All the data should come back exactly as it was given.

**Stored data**
◇ ◇ ◇ ◇

(* Let $\mathcal C$ be an $A_\infty$-category and $\mathcal B\subset\mathcal C$ a full $A_\infty$-subcategory. With the notation of the context, for $n\ge2$ the maps $\bar b_n$ satisfy $\bar b_n=\mu^{(n)}b-(1\otimes\mu^{(n-1)}b)\mu-(\mu^{(n-1)}b\otimes1)\mu+(1\otimes\mu^{(n-2)}b\otimes1)\mu^{(3)}$ on $(T^+s\mathcal C)^{\otimes n}$ (with $\mu^{(0)}=0$). The family $(\bar b_n)_{n\ge1}$ satisfies the $A_\infty$-equations $\sum_{r+n+t=k}(1^{\otimes r}\otimes\bar b_n\otimes1^{\otimes t})\bar b_{r+1+t}=0$, so it makes the desuspension $\overline{\mathcal C}=s^{-1}T^+s\mathcal C$ into an $A_\infty$-category. Moreover each $\bar b_n$ maps $(s\mathsf D(\mathcal C|\mathcal B))^{\otimes n}$ into $s\mathsf D(\mathcal C|\mathcal B)$, so the restrictions make $\mathsf D(\mathcal C|\mathcal B)$ an $A_\infty$-category.
   Context: Throughout, $\Bbbk$ is a commutative ring, $\otimes=\otimes_\Bbbk$, the Koszul sign rule $(x\otimes y)(f\otimes g)=(-1)^{\deg y\cdot\deg f}xf\otimes yg$ is used, maps are written to the right of their arguments and $fg$ means "first $f$, then $g$". A graded quiver $\mathcal A$ is a class $\mathrm{Ob}\,\mathcal A$ with graded $\Bbbk$-modules $\mathcal A(X,Y)$; its suspension $s\mathcal A$ has $(s\mathcal A)^d(X,Y)=\mathcal A^{d+1}(X,Y)$. Put $T^ns\mathcal A(X,Y)=\bigoplus_{X_1,\dots,X_{n-1}}s\mathcal A(X,X_1)\otimes\cdots\otimes s\mathcal A(X_{n-1},Y)$. An $A_\infty$-category is a graded quiver with degree 1 maps $b_n:T^ns\mathcal A(X,Y)\to s\mathcal A(X,Y)$, $n\ge1$, such that $\sum_{r+n+t=k}(1^{\otimes r}\otimes b_n\otimes1^{\otimes t})b_{r+1+t}=0$ for all $k\ge1$. A full $A_\infty$-subcategory $\mathcal B\subset\mathcal C$ has $\mathrm{Ob}\,\mathcal B\subset\mathrm{Ob}\,\mathcal C$, $\mathcal B(X,Y)=\mathcal C(X,Y)$ and the same operations. Let $T^+s\mathcal C$ be the graded quiver with objects $\mathrm{Ob}\,\mathcal C$ and $T^+s\mathcal C(X,Y)=\bigoplus_{n\ge1}T^ns\mathcal C(X,Y)$; let $\mu^{(n)}:(T^+s\mathcal C)^{\otimes n}\to T^+s\mathcal C$ be the $n$-fold concatenation of tensor words ($\mu^{(1)}=1$, $\mu=\mu^{(2)}$, $\mu^{(0)}=0$). Let $b:T^+s\mathcal C\to T^+s\mathcal C$ be $\sum_{q+m+t=k}1^{\otimes q}\otimes b_m\otimes1^{\otimes t}$ on $T^ks\mathcal C$. Define degree 1 maps $\bar b_n:(T^+s\mathcal C)^{\otimes n}\to T^+s\mathcal C$ by $\bar b_1=b$ and, for $n\ge2$, on $T^ks\mathcal C\otimes(T^+s\mathcal C)^{\otimes(n-2)}\otimes T^ls\mathcal C$ by $\bar b_n=\mu^{(n)}\sum 1^{\otimes q}\otimes b_m\otimes1^{\otimes t}$, the sum over $m\ge1$, $0\le q<k$, $0\le t<l$ with $q+m+t$ equal to the total length of the concatenated word. The graded quiver $\mathsf D(\mathcal C|\mathcal B)$ has objects $\mathrm{Ob}\,\mathcal C$ and $s\mathsf D(\mathcal C|\mathcal B)(X,Y)$ equal to the direct summand $\bigoplus_{n\ge1}\bigoplus_{C_1,\dots,C_{n-1}\in\mathrm{Ob}\,\mathcal B}s\mathcal C(X,C_1)\otimes s\mathcal C(C_1,C_2)\otimes\cdots\otimes s\mathcal C(C_{n-1},Y)$ of $T^+s\mathcal C(X,Y)$ (for $n=1$ the summand $s\mathcal C(X,Y)$). *)

theory Defs
  imports Main "HOL.Modules"
begin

◇ ◇ ◇ ◇

**Output for this exercise**
(* Let $\mathcal C$ be an $A_\infty$-category and $\mathcal B\subset\mathcal C$ a full $A_\infty$-subcategory. With the notation of the context, for $n\ge2$ the maps $\bar b_n$ satisfy $\bar b_n=\mu^{(n)}b-(1\otimes\mu^{(n-1)}b)\mu-(\mu^{(n-1)}b\otimes1)\mu+(1\otimes\mu^{(n-2)}b\otimes1)\mu^{(3)}$ on $(T^+s\mathcal C)^{\otimes n}$ (with $\mu^{(0)}=0$). The family $(\bar b_n)_{n\ge1}$ satisfies the $A_\infty$-equations $\sum_{r+n+t=k}(1^{\otimes r}\otimes\bar b_n\otimes1^{\otimes t})\bar b_{r+1+t}=0$, so it makes the desuspension $\overline{\mathcal C}=s^{-1}T^+s\mathcal C$ into an $A_\infty$-category. Moreover each $\bar b_n$ maps $(s\mathsf D(\mathcal C|\mathcal B))^{\otimes n}$ into $s\mathsf D(\mathcal C|\mathcal B)$, so the restrictions make $\mathsf D(\mathcal C|\mathcal B)$ an $A_\infty$-category.
   Context: Throughout, $\Bbbk$ is a commutative ring, $\otimes=\otimes_\Bbbk$, the Koszul sign rule $(x\otimes y)(f\otimes g)=(-1)^{\deg y\cdot\deg f}xf\otimes yg$ is used, maps are written to the right of their arguments and $fg$ means "first $f$, then $g$". A graded quiver $\mathcal A$ is a class $\mathrm{Ob}\,\mathcal A$ with graded $\Bbbk$-modules $\mathcal A(X,Y)$; its suspension $s\mathcal A$ has $(s\mathcal A)^d(X,Y)=\mathcal A^{d+1}(X,Y)$. Put $T^ns\mathcal A(X,Y)=\bigoplus_{X_1,\dots,X_{n-1}}s\mathcal A(X,X_1)\otimes\cdots\otimes s\mathcal A(X_{n-1},Y)$. An $A_\infty$-category is a graded quiver with degree 1 maps $b_n:T^ns\mathcal A(X,Y)\to s\mathcal A(X,Y)$, $n\ge1$, such that $\sum_{r+n+t=k}(1^{\otimes r}\otimes b_n\otimes1^{\otimes t})b_{r+1+t}=0$ for all $k\ge1$. A full $A_\infty$-subcategory $\mathcal B\subset\mathcal C$ has $\mathrm{Ob}\,\mathcal B\subset\mathrm{Ob}\,\mathcal C$, $\mathcal B(X,Y)=\mathcal C(X,Y)$ and the same operations. Let $T^+s\mathcal C$ be the graded quiver with objects $\mathrm{Ob}\,\mathcal C$ and $T^+s\mathcal C(X,Y)=\bigoplus_{n\ge1}T^ns\mathcal C(X,Y)$; let $\mu^{(n)}:(T^+s\mathcal C)^{\otimes n}\to T^+s\mathcal C$ be the $n$-fold concatenation of tensor words ($\mu^{(1)}=1$, $\mu=\mu^{(2)}$, $\mu^{(0)}=0$). Let $b:T^+s\mathcal C\to T^+s\mathcal C$ be $\sum_{q+m+t=k}1^{\otimes q}\otimes b_m\otimes1^{\otimes t}$ on $T^ks\mathcal C$. Define degree 1 maps $\bar b_n:(T^+s\mathcal C)^{\otimes n}\to T^+s\mathcal C$ by $\bar b_1=b$ and, for $n\ge2$, on $T^ks\mathcal C\otimes(T^+s\mathcal C)^{\otimes(n-2)}\otimes T^ls\mathcal C$ by $\bar b_n=\mu^{(n)}\sum 1^{\otimes q}\otimes b_m\otimes1^{\otimes t}$, the sum over $m\ge1$, $0\le q<k$, $0\le t<l$ with $q+m+t$ equal to the total length of the concatenated word. The graded quiver $\mathsf D(\mathcal C|\mathcal B)$ has objects $\mathrm{Ob}\,\mathcal C$ and $s\mathsf D(\mathcal C|\mathcal B)(X,Y)$ equal to the direct summand $\bigoplus_{n\ge1}\bigoplus_{C_1,\dots,C_{n-1}\in\mathrm{Ob}\,\mathcal B}s\mathcal C(X,C_1)\otimes s\mathcal C(C_1,C_2)\otimes\cdots\otimes s\mathcal C(C_{n-1},Y)$ of $T^+s\mathcal C(X,Y)$ (for $n=1$ the summand $s\mathcal C(X,Y)$). *)

theory Defs
  imports Main "HOL.Modules"
begin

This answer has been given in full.